▶ _PROVIDED DATA_:
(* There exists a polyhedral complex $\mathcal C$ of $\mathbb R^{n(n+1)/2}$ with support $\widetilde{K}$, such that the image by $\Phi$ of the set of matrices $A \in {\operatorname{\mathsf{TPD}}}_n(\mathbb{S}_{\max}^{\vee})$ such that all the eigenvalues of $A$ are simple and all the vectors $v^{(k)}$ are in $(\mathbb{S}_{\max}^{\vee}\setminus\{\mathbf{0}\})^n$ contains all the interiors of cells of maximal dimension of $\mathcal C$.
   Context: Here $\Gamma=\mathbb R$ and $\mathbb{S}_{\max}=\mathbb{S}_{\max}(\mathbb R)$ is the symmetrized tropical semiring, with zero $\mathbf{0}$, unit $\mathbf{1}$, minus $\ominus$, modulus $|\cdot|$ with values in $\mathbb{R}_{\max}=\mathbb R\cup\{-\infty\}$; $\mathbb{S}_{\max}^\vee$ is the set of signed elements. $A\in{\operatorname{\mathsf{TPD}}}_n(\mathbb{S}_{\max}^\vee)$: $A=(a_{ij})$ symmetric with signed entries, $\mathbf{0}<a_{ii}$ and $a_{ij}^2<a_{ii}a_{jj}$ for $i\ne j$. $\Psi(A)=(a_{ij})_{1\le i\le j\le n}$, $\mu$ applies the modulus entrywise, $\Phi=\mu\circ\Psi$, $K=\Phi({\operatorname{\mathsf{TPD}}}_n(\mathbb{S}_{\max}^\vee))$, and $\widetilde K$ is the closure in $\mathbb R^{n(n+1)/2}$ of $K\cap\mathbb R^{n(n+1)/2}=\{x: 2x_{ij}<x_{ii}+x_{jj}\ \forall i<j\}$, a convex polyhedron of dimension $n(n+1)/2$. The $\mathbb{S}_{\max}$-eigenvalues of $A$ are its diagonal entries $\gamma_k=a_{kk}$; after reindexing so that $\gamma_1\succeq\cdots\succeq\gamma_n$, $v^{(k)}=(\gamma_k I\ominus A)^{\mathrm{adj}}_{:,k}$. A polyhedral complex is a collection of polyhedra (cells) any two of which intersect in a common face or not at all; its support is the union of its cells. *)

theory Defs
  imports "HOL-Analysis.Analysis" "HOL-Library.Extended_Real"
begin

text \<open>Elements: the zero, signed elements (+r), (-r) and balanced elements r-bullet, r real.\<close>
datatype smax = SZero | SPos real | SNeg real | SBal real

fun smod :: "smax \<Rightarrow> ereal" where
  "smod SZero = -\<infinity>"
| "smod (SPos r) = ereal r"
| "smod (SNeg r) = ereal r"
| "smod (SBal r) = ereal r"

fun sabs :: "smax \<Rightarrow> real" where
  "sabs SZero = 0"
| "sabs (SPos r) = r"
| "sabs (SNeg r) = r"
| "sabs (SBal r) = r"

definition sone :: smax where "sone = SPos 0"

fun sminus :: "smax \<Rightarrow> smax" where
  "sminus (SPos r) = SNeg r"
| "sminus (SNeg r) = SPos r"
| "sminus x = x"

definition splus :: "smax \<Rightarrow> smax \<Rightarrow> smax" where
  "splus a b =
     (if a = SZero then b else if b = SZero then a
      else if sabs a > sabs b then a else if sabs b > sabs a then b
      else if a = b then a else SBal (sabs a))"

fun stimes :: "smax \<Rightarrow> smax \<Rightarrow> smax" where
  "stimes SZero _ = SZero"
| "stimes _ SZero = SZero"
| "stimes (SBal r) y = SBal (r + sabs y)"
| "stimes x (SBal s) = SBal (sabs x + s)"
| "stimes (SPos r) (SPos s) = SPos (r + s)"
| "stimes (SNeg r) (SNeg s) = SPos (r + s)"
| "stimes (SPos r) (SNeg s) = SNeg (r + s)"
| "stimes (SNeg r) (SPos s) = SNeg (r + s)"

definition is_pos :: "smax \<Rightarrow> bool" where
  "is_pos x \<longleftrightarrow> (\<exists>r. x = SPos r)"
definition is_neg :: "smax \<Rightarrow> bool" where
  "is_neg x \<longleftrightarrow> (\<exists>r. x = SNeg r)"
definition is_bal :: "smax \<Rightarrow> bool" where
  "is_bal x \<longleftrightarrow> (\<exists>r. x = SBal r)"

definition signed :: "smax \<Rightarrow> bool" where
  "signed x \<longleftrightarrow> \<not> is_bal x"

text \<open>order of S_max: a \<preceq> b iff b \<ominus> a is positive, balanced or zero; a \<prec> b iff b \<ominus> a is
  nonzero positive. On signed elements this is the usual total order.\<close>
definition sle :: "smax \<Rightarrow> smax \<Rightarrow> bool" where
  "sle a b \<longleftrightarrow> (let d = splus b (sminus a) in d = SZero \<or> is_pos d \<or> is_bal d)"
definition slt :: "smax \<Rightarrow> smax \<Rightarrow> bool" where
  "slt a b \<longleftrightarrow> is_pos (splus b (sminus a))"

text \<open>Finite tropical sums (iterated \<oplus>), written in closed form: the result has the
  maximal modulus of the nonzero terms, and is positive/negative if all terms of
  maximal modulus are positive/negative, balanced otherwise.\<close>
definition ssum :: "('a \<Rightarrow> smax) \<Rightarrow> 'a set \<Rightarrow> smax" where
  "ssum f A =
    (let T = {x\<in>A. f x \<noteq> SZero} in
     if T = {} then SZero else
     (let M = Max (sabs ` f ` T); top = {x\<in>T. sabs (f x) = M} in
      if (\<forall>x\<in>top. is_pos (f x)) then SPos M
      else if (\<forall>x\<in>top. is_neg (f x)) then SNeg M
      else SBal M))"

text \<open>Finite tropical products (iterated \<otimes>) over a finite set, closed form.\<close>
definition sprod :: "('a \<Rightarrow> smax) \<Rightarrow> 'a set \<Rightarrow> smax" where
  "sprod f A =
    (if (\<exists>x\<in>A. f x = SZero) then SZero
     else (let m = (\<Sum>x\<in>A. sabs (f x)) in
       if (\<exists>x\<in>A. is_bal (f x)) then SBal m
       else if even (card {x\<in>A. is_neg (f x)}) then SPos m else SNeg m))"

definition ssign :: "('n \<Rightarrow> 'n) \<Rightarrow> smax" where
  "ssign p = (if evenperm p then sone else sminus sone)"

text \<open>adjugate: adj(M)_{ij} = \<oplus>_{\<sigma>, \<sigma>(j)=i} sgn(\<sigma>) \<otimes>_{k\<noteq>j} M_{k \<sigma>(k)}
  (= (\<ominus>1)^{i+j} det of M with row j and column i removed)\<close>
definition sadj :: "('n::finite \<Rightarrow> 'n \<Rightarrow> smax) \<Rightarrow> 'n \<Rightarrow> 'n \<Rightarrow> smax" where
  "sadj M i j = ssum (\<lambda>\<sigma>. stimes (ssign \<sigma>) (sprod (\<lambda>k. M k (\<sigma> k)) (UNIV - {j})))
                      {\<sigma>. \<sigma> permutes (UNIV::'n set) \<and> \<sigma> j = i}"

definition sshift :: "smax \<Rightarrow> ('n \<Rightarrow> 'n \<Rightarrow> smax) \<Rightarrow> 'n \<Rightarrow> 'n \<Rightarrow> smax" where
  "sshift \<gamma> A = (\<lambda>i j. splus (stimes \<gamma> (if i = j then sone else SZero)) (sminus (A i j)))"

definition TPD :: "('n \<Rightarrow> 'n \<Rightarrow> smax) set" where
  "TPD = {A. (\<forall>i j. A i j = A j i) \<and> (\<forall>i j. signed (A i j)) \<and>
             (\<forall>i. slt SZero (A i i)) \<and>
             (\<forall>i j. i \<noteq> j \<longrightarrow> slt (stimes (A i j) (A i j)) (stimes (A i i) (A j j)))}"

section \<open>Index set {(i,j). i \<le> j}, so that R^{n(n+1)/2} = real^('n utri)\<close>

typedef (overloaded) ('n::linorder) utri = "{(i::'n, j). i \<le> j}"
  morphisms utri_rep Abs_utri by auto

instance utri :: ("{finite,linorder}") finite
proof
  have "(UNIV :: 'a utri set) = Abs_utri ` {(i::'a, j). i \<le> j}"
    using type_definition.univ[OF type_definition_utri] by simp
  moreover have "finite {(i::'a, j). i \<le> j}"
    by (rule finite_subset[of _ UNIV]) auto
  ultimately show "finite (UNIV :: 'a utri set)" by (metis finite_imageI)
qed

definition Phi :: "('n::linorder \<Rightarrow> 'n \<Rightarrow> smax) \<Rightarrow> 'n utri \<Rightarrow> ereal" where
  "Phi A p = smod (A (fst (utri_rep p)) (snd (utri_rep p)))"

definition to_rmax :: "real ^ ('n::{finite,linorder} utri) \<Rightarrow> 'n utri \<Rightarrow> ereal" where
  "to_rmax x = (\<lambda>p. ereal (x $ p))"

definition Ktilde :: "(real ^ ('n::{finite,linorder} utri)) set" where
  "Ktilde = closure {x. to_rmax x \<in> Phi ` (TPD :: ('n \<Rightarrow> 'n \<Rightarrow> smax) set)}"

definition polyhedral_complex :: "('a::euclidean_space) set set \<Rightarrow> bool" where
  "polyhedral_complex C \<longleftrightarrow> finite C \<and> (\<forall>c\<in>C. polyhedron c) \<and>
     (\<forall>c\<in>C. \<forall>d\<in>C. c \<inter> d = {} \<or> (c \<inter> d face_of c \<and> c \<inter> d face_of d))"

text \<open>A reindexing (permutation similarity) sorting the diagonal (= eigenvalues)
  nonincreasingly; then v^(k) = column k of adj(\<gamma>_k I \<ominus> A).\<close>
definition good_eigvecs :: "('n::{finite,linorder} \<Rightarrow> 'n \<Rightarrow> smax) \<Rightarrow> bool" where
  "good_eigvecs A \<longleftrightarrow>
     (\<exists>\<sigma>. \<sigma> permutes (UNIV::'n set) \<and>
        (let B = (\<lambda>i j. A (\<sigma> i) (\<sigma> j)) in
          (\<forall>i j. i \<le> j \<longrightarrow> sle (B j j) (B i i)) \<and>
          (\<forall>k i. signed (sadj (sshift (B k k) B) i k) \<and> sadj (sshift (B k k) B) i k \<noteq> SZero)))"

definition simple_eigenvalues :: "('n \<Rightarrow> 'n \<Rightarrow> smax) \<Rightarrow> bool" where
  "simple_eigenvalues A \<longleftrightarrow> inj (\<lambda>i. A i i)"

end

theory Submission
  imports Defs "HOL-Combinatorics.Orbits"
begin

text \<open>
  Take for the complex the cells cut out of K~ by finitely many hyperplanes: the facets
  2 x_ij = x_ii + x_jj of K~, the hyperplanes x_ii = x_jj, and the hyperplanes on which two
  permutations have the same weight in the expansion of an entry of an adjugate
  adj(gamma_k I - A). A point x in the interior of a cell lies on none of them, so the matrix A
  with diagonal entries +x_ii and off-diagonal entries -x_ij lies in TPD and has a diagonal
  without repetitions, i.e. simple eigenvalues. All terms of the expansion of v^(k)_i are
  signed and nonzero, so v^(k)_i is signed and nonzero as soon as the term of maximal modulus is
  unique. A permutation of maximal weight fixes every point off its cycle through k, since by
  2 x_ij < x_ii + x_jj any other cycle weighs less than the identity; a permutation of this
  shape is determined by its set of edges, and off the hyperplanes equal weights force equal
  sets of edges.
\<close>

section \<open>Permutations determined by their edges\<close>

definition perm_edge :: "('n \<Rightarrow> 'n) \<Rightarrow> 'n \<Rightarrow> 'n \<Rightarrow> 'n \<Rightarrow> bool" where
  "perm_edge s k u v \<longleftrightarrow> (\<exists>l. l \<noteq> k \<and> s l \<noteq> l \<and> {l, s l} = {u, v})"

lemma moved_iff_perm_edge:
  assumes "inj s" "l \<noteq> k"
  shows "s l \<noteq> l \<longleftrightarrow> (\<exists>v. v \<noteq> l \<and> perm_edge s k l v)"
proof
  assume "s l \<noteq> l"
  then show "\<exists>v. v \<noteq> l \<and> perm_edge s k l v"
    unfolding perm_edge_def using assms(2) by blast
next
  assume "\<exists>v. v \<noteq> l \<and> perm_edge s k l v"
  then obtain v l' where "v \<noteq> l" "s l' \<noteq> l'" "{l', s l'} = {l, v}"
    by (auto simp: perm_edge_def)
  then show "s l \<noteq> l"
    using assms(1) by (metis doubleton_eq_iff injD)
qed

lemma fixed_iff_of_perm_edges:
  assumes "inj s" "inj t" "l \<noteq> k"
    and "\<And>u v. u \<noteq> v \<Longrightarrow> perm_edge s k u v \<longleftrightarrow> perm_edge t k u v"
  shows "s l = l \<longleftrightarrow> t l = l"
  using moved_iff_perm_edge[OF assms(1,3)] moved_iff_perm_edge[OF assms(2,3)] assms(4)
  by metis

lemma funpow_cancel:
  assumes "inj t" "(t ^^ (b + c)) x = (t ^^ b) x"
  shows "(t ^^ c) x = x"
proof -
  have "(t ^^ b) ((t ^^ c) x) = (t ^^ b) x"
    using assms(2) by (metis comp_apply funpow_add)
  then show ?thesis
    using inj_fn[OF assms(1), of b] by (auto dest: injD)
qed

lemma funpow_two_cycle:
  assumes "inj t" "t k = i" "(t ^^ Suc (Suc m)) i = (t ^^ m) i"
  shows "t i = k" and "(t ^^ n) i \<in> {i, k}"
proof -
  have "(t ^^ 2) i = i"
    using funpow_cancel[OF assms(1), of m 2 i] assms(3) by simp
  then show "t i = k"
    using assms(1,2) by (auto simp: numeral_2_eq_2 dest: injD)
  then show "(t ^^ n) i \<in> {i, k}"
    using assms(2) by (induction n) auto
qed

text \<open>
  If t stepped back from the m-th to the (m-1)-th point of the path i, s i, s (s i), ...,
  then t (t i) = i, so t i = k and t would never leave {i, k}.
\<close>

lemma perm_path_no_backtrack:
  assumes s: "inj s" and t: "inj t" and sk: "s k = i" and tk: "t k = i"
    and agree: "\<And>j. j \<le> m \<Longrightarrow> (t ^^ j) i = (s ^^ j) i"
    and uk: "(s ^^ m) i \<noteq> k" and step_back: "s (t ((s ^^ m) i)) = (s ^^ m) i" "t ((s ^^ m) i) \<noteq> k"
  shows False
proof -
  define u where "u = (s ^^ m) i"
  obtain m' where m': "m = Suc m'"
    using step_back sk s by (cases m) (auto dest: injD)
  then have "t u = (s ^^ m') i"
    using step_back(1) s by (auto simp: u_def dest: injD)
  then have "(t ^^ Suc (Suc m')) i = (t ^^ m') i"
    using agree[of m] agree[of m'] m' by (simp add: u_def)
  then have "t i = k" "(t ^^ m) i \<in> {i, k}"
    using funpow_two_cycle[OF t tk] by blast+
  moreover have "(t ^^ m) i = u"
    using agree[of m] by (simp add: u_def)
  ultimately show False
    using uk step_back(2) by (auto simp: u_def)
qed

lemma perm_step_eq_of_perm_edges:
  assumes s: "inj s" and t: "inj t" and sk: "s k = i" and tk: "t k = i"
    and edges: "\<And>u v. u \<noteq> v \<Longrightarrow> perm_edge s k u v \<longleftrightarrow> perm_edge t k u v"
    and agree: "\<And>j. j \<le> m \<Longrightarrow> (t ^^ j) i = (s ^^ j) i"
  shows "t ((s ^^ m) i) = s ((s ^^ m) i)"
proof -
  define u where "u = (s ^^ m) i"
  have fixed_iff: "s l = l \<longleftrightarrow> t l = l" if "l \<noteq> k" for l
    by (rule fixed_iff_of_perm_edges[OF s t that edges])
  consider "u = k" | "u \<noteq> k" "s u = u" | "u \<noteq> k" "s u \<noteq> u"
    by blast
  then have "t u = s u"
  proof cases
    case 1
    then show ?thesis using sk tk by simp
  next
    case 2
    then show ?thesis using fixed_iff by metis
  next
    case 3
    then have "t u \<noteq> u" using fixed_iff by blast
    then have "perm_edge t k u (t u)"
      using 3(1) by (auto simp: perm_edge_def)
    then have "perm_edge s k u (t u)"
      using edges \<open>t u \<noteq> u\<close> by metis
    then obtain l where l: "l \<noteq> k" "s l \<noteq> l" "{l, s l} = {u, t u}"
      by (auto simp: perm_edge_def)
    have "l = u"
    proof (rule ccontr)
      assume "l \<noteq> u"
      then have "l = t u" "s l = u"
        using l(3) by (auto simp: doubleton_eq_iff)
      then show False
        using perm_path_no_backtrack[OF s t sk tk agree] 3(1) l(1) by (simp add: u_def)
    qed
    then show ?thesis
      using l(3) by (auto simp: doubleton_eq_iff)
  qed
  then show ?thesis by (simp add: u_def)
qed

▶ _EXERCISE_:
Look through the records above for the string "sprod", then copy every line that has it.

▶ _SOLVED EXERCISE_:
definition sprod :: "('a \<Rightarrow> smax) \<Rightarrow> 'a set \<Rightarrow> smax" where
  "sprod f A =
  "sadj M i j = ssum (\<lambda>\<sigma>. stimes (ssign \<sigma>) (sprod (\<lambda>k. M k (\<sigma> k)) (UNIV - {j})))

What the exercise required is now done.